# [Description of the task]
After locating the line with "(Xtest j) borel)" in the records below, print it and every line after it exactly.
Content starts
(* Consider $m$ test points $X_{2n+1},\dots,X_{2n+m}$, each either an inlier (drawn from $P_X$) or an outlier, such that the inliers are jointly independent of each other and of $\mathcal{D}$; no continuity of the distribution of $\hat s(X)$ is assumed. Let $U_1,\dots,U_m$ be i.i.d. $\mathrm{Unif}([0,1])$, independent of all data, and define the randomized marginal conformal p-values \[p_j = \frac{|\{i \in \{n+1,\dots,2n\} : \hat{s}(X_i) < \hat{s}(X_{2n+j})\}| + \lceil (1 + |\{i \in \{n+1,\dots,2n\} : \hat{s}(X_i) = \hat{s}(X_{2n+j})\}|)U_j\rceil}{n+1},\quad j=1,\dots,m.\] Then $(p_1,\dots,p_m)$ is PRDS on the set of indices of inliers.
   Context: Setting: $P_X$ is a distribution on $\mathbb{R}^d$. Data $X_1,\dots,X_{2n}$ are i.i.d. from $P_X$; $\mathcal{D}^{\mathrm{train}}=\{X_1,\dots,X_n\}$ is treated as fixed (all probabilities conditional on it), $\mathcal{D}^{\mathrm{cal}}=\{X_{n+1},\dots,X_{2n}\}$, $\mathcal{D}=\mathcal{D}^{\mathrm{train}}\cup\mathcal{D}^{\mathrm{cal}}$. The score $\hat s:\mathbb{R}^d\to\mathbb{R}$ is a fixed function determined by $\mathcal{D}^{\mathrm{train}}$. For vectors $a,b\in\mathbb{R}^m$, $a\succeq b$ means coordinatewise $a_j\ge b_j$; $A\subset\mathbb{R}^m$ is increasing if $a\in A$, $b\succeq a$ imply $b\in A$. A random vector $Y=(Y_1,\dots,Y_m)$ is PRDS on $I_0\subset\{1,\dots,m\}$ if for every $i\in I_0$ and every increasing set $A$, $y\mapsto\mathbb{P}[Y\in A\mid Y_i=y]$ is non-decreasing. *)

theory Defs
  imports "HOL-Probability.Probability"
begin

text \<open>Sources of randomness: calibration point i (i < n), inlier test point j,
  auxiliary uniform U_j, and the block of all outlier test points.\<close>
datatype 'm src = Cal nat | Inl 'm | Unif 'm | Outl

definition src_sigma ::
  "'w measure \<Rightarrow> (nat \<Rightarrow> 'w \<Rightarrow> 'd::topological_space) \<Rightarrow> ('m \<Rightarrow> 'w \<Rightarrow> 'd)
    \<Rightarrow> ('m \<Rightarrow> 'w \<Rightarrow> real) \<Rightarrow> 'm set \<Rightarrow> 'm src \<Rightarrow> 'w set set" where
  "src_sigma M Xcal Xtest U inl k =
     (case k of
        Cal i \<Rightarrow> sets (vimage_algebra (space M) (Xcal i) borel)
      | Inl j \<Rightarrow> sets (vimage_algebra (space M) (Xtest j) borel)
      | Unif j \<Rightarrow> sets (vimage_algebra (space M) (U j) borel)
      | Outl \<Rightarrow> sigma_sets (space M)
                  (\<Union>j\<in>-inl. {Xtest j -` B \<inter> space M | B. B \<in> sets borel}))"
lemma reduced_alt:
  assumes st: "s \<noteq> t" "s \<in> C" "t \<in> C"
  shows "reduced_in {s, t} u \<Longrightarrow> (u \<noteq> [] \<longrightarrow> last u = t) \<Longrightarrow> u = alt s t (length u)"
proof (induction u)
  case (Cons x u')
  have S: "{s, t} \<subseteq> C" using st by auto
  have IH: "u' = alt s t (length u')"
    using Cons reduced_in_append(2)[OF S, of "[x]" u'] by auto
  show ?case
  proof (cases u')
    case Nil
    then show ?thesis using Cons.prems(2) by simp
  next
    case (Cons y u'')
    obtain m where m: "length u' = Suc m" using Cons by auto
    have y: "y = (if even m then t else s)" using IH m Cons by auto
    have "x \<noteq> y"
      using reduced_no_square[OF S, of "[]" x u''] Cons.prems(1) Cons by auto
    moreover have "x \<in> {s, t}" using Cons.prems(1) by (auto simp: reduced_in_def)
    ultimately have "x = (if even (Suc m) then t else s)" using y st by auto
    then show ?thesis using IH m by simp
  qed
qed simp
Content ends
# [Solution for this problem]
      | Inl j \<Rightarrow> sets (vimage_algebra (space M) (Xtest j) borel)
      | Unif j \<Rightarrow> sets (vimage_algebra (space M) (U j) borel)
      | Outl \<Rightarrow> sigma_sets (space M)
                  (\<Union>j\<in>-inl. {Xtest j -` B \<inter> space M | B. B \<in> sets borel}))"
lemma reduced_alt:
  assumes st: "s \<noteq> t" "s \<in> C" "t \<in> C"
  shows "reduced_in {s, t} u \<Longrightarrow> (u \<noteq> [] \<longrightarrow> last u = t) \<Longrightarrow> u = alt s t (length u)"
proof (induction u)
  case (Cons x u')
  have S: "{s, t} \<subseteq> C" using st by auto
  have IH: "u' = alt s t (length u')"
    using Cons reduced_in_append(2)[OF S, of "[x]" u'] by auto
  show ?case
  proof (cases u')
    case Nil
    then show ?thesis using Cons.prems(2) by simp
  next
    case (Cons y u'')
    obtain m where m: "length u' = Suc m" using Cons by auto
    have y: "y = (if even m then t else s)" using IH m Cons by auto
    have "x \<noteq> y"
      using reduced_no_square[OF S, of "[]" x u''] Cons.prems(1) Cons by auto
    moreover have "x \<in> {s, t}" using Cons.prems(1) by (auto simp: reduced_in_def)
    ultimately have "x = (if even (Suc m) then t else s)" using y st by auto
    then show ?thesis using IH m by simp
  qed
qed simp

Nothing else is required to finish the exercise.